Kathy opened the cargo compartment and found the plastic case of SD cards. She put them into the blood-soaked backpack, after verifying the pocket she’d chosen was still intact. She noted that all but one of her bottles of water were empty, shot through. “I lost most of my water.”
“Got that covered. You done?”
“You want this?” she asked, and pointed to the trailer.
“What is it?”
“A gun of some kind.”
He swept around quickly and let his gun hang on its sling before moving to the trailer. He glanced at the box and did a double take. “No fucking way,” he said, and dropped to one knee. A tiny flashlight appeared in his hand. She was about to warn him against using it, when the light came on red, not white. This guy had his shit together. “An M240?!” he said incredulously. “How in the hell?”

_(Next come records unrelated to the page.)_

lemma B_operator_derivs_at_0:
  fixes h L :: "complex \<Rightarrow> complex" and lam \<mu> \<delta> :: real
  assumes h: "h holomorphic_on S" and L: "L holomorphic_on S" and S: "open S" "0 \<in> S"
    and "L 0 = 0" and h_eq: "\<And>z. z \<in> S \<Longrightarrow> h z = z * exp (L z)"
  defines "\<kappa> \<equiv> (2*lam + \<mu>) / (2*lam + 1) * \<delta>"
  shows "deriv (B_operator lam \<mu> \<delta> h L) 0 = of_real (lam + \<mu> + 2*\<kappa>) * deriv L 0"
    "(deriv ^^ 2) (B_operator lam \<mu> \<delta> h L) 0 =
       of_real (2*lam + \<mu> + 6*\<kappa>) * (deriv ^^ 2) L 0
       + of_real (\<mu>^2 + 2*lam*\<mu> + 6*\<kappa>) * deriv L 0 ^ 2"
proof -
  define E where "E = (\<lambda>z. exp (of_real \<mu> * L z))"
  define P where "P = (\<lambda>z. 1 + of_real lam * (z * deriv L z))"
  have hol: "E holomorphic_on S" "P holomorphic_on S" "deriv L holomorphic_on S"
    "(\<lambda>z. z * deriv L z) holomorphic_on S"
    unfolding E_def P_def using L S by (auto intro!: holomorphic_intros)
  note split = higher_deriv_B_operator[OF h L S h_eq, where lam=lam and \<mu>=\<mu> and \<delta>=\<delta>, folded \<kappa>_def]
  note E = derivs_exp_scaled_at_0[OF L S \<open>L 0 = 0\<close>, of "of_real \<mu>", folded E_def]
  have P: "deriv P 0 = of_real lam * deriv L 0" "(deriv ^^ 2) P 0 = 2 * of_real lam * (deriv ^^ 2) L 0"
  proof -
    have "(deriv ^^ Suc n) P 0 = of_real lam * (deriv ^^ Suc n) (\<lambda>z. z * deriv L z) 0" for n
      unfolding P_def using hol(4) S higher_deriv_cmult[OF hol(4) S(2,1)]
      by (subst higher_deriv_add) (auto intro: holomorphic_intros simp del: funpow.simps)
    from this[of 0] this[of 1] show "deriv P 0 = of_real lam * deriv L 0"
      "(deriv ^^ 2) P 0 = 2 * of_real lam * (deriv ^^ 2) L 0"
      using higher_deriv_ident_mult[OF hol(3) S, of 0] higher_deriv_ident_mult[OF hol(3) S, of 1]
      by (simp_all add: numeral_2_eq_2 funpow_Suc_right del: funpow.simps)
  qed
  have Q: "deriv (\<lambda>z. z * (deriv ^^ 2) h z) 0 = 2 * deriv L 0"
    "(deriv ^^ 2) (\<lambda>z. z * (deriv ^^ 2) h z) 0 = 6 * ((deriv ^^ 2) L 0 + deriv L 0 ^ 2)"
    using higher_deriv_ident_mult[OF holomorphic_higher_deriv[OF h S(1), of 2] S, of 0]
      higher_deriv_ident_mult[OF holomorphic_higher_deriv[OF h S(1), of 2] S, of 1]
      higher_derivs_ident_mult_exp_at_0[OF h L S \<open>L 0 = 0\<close> h_eq]
    by (simp_all add: numeral_2_eq_2 numeral_3_eq_3 funpow_Suc_right)
  have EP: "deriv (\<lambda>z. E z * P z) 0 = deriv E 0 * P 0 + E 0 * deriv P 0"
    using hol S by (subst deriv_mult) (auto intro: holomorphic_on_imp_differentiable_at simp: algebra_simps)
  show "deriv (B_operator lam \<mu> \<delta> h L) 0 = of_real (lam + \<mu> + 2*\<kappa>) * deriv L 0"
    using split[of 1] EP E P Q \<open>L 0 = 0\<close> by (simp add: E_def P_def algebra_simps)
  show "(deriv ^^ 2) (B_operator lam \<mu> \<delta> h L) 0 =
       of_real (2*lam + \<mu> + 6*\<kappa>) * (deriv ^^ 2) L 0
       + of_real (\<mu>^2 + 2*lam*\<mu> + 6*\<kappa>) * deriv L 0 ^ 2"
    using split[of 2] higher_deriv2_mult[OF hol(1,2) S] E P Q \<open>L 0 = 0\<close>
    by (simp add: E_def P_def algebra_simps power2_eq_square)
qed

lemma taylor_coeff_2: "taylor_coeff f 2 = (deriv ^^ 2) f 0 / 2"
  and taylor_coeff_3: "taylor_coeff f 3 = (deriv ^^ 3) f 0 / 6"
  by (simp_all add: taylor_coeff_def fact_numeral)

lemma B_condition_coeff_relations:
  fixes lam \<mu> \<delta> t :: real and h :: "complex \<Rightarrow> complex"
  assumes h: "normalized_analytic h" and cond: "B_condition lam \<mu> \<delta> t h" and t: "\<bar>t\<bar> \<le> 1"
  defines "\<kappa> \<equiv> (2*lam + \<mu>) / (2*lam + 1) * \<delta>"
  shows "\<exists>c1 c2. norm c1 \<le> 1 \<and> norm c2 \<le> 1 \<and>
    of_real (lam + \<mu> + 2*\<kappa>) * taylor_coeff h 2 = 2 * of_real t * c1 \<and>
    of_real (2*lam + \<mu> + 6*\<kappa>) * taylor_coeff h 3
      + of_real ((2*lam + \<mu>) * (\<mu> - 1) / 2) * taylor_coeff h 2 ^ 2
      = 2 * of_real t * c2 + (4 * of_real t ^ 2 - 1) * c1 ^ 2"
proof -
  obtain L where L: "L holomorphic_on unit_disc" and "L 0 = 0"
    and exp_L: "\<And>z. z \<in> unit_disc \<Longrightarrow> exp (L z) = quot0 h z"
    and "subordinate (B_operator lam \<mu> \<delta> h L) (cheb_H t)"
    using cond unfolding B_condition_def by blast
  then obtain \<omega> where \<omega>: "\<omega> holomorphic_on unit_disc" and "\<omega> 0 = 0"
    and \<omega>_disc: "\<And>z. z \<in> unit_disc \<Longrightarrow> norm (\<omega> z) < 1"
    and F_eq: "\<And>z. z \<in> unit_disc \<Longrightarrow> cheb_H t (\<omega> z) = B_operator lam \<mu> \<delta> h L z"
    unfolding subordinate_def by force
  have h_hol: "h holomorphic_on unit_disc" and "h 0 = 0"
    using h unfolding normalized_analytic_def by auto
  have h_eq: "h z = z * exp (L z)" if "z \<in> unit_disc" for z
    using exp_L[OF that] \<open>h 0 = 0\<close> by (cases "z = 0") (auto simp: quot0_def)
  have \<omega>_into: "\<omega> ` unit_disc \<subseteq> unit_disc"
    using \<omega>_disc by auto
  have H\<omega>: "(\<lambda>z. cheb_H t (\<omega> z)) holomorphic_on unit_disc"
    using holomorphic_on_compose_gen[OF \<omega> holomorphic_cheb_H[OF t] \<omega>_into] by (simp add: o_def)
  have "(deriv ^^ n) (B_operator lam \<mu> \<delta> h L) 0 = (deriv ^^ n) (\<lambda>z. cheb_H t (\<omega> z)) 0" for n
  proof -
    have "B_operator lam \<mu> \<delta> h L holomorphic_on unit_disc"
      using holomorphic_transform[OF H\<omega>] F_eq by blast
    with H\<omega> F_eq show ?thesis
      by (intro higher_deriv_transform_within_open) auto
  qed
  note F_derivs = this[of 1] this[of 2]
  note chain = deriv_compose_open higher_deriv2_compose
  note chain = chain[OF holomorphic_cheb_H[OF t] \<omega> open_ball open_ball \<omega>_into, of 0]
  have z0: "(0::complex) \<in> unit_disc" by simp
  note B_derivs = B_operator_derivs_at_0[OF h_hol L open_ball z0 \<open>L 0 = 0\<close> h_eq,
      where lam=lam and \<mu>=\<mu> and \<delta>=\<delta>, folded \<kappa>_def]
  note h_derivs = higher_derivs_ident_mult_exp_at_0[OF h_hol L open_ball z0 \<open>L 0 = 0\<close> h_eq]
  have \<omega>_bounds: "norm (deriv \<omega> 0) \<le> 1" "norm ((deriv ^^ 2) \<omega> 0 / 2) \<le> 1"
    using norm_higher_deriv_le_fact_unit_disc[OF \<omega>, of 1] norm_higher_deriv_le_fact_unit_disc[OF \<omega>, of 2]
      \<omega>_disc by (auto simp: less_imp_le norm_divide)
  have e1: "of_real (lam + \<mu> + 2*\<kappa>) * deriv L 0 = 2 * of_real t * deriv \<omega> 0"
    using F_derivs(1) B_derivs(1) chain(1) cheb_H_derivs_at_0[OF t] \<open>\<omega> 0 = 0\<close>
    by simp
  have e2: "of_real (2*lam + \<mu> + 6*\<kappa>) * (deriv ^^ 2) L 0
      + of_real (\<mu>^2 + 2*lam*\<mu> + 6*\<kappa>) * deriv L 0 ^ 2
      = (8 * of_real t ^ 2 - 2) * deriv \<omega> 0 ^ 2 + 2 * of_real t * (deriv ^^ 2) \<omega> 0"
    using F_derivs(2) B_derivs(2) chain(2) cheb_H_derivs_at_0[OF t] \<open>\<omega> 0 = 0\<close>
    by simp
  show ?thesis
  proof (intro exI conjI)
    show "of_real (lam + \<mu> + 2*\<kappa>) * taylor_coeff h 2 = 2 * of_real t * deriv \<omega> 0"
      using e1 h_derivs(1) by (simp add: taylor_coeff_2)
    show "of_real (2*lam + \<mu> + 6*\<kappa>) * taylor_coeff h 3
      + of_real ((2*lam + \<mu>) * (\<mu> - 1) / 2) * taylor_coeff h 2 ^ 2
      = 2 * of_real t * ((deriv ^^ 2) \<omega> 0 / 2) + (4 * of_real t ^ 2 - 1) * deriv \<omega> 0 ^ 2"
      using arg_cong[OF e2, of "\<lambda>x. 6 * x"] h_derivs
      by (simp add: taylor_coeff_2 taylor_coeff_3 field_simps power2_eq_square)
  qed (use \<omega>_bounds in auto)
qed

“A helicopter crashed,” she explained. “A soldier told me to take it.”
“Crashed? Where? Can we help them?” he asked, quickly.
“There were no survivors.”
Cobb nodded solemnly and looked at the gun and the other boxes. Clearly, he was conflicted. Then he decided. “Here,” he said, unslinging his gun and looping the sling over her head.
“Whoa, whoa,” she complained as it settled on her shoulders. Unconsciously she took the thing in her hands. It was hot and heavy. It felt like death.
“No choice,” he said. Then he reached around her and deftly dropped the magazine. He pulled a fresh magazine out of his vest, which was full of them. This one looked bigger than the others. “My only twenty-five round mag,” he said and slammed it into the gun. He gently took her thumb and moved it to a lever. “Flip that down, pull the trigger. It’s that easy. Look through the sight.” She hefted the gun, grunting a little. The tiny TV screen showed a square wire box with a little white cross hair in the center and a line going up and down from the crosshair. There were tiny cross lines with numbers next to the line. “Center it on their chests and pull the trigger.”